#### Aim of the task
In the material below, find each line that contains the word "obtain" and copy it.
☆ ☆ ☆ ☆ ☆ ☆ ☆
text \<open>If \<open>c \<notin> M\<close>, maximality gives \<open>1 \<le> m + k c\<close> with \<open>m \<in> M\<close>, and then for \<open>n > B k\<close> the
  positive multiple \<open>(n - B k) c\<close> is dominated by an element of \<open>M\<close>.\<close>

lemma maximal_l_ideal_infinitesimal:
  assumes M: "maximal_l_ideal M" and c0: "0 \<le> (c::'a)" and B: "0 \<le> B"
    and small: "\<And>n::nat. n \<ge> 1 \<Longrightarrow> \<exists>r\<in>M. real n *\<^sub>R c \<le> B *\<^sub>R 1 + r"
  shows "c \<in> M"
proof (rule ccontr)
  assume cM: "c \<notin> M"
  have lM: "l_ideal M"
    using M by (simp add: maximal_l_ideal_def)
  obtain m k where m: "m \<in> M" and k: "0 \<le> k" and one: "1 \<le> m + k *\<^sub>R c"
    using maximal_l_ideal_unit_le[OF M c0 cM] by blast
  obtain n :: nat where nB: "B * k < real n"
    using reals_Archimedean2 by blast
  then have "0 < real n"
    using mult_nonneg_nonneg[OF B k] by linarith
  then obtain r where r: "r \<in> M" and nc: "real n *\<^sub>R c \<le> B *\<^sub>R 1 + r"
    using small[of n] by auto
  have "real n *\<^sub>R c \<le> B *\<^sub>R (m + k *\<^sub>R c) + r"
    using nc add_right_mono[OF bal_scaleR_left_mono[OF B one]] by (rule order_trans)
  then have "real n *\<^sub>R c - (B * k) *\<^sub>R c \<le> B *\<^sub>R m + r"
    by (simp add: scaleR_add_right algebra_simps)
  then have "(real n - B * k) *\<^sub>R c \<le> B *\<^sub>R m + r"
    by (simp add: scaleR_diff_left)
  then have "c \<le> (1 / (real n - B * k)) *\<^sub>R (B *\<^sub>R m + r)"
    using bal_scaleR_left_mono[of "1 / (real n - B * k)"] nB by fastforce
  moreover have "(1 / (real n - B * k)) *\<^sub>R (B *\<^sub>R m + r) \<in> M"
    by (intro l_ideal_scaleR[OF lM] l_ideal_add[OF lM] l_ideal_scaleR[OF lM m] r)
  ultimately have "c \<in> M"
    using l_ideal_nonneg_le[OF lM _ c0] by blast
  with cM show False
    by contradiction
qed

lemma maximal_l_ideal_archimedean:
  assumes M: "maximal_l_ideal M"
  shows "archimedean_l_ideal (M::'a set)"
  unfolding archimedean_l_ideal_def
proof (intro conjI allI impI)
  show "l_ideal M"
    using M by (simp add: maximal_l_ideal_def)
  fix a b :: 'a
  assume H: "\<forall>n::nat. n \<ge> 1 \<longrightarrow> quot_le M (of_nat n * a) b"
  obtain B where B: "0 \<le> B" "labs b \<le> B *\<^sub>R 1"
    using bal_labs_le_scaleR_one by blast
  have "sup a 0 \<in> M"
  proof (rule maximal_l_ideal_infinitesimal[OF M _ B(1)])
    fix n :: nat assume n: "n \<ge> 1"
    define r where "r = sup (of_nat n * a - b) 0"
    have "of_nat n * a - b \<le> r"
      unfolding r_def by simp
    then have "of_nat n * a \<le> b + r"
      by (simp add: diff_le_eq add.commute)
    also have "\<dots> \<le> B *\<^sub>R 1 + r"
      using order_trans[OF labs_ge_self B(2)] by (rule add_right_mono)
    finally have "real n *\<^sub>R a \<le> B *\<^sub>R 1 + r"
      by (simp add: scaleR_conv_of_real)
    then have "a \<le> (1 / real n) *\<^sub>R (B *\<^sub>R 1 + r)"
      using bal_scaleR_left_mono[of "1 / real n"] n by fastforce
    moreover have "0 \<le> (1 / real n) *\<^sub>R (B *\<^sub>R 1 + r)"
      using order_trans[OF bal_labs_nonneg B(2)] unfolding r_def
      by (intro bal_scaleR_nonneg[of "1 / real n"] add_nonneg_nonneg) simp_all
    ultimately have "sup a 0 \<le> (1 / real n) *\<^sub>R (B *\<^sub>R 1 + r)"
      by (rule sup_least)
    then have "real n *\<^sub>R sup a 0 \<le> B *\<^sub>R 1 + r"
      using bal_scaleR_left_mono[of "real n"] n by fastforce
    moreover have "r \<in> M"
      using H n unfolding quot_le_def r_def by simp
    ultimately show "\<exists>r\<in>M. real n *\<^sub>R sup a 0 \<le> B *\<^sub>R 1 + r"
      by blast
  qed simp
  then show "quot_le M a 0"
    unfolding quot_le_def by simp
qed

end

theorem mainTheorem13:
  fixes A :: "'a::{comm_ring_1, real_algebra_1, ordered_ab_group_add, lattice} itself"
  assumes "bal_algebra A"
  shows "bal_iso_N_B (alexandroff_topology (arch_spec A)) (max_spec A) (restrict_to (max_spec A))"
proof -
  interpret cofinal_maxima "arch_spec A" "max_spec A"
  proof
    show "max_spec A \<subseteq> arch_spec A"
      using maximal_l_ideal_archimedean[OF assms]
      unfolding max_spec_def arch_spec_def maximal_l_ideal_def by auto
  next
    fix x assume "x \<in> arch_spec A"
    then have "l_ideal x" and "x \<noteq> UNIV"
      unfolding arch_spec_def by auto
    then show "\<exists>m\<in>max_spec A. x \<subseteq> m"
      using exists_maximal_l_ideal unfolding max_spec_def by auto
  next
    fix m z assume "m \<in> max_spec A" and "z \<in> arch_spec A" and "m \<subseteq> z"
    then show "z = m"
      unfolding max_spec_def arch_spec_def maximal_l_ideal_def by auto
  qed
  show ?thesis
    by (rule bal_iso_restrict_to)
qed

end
☆ ☆ ☆ ☆ ☆ ☆ ☆
#### Answer section
  obtain m k where m: "m \<in> M" and k: "0 \<le> k" and one: "1 \<le> m + k *\<^sub>R c"
  obtain n :: nat where nB: "B * k < real n"
  then obtain r where r: "r \<in> M" and nc: "real n *\<^sub>R c \<le> B *\<^sub>R 1 + r"
  obtain B where B: "0 \<le> B" "labs b \<le> B *\<^sub>R 1"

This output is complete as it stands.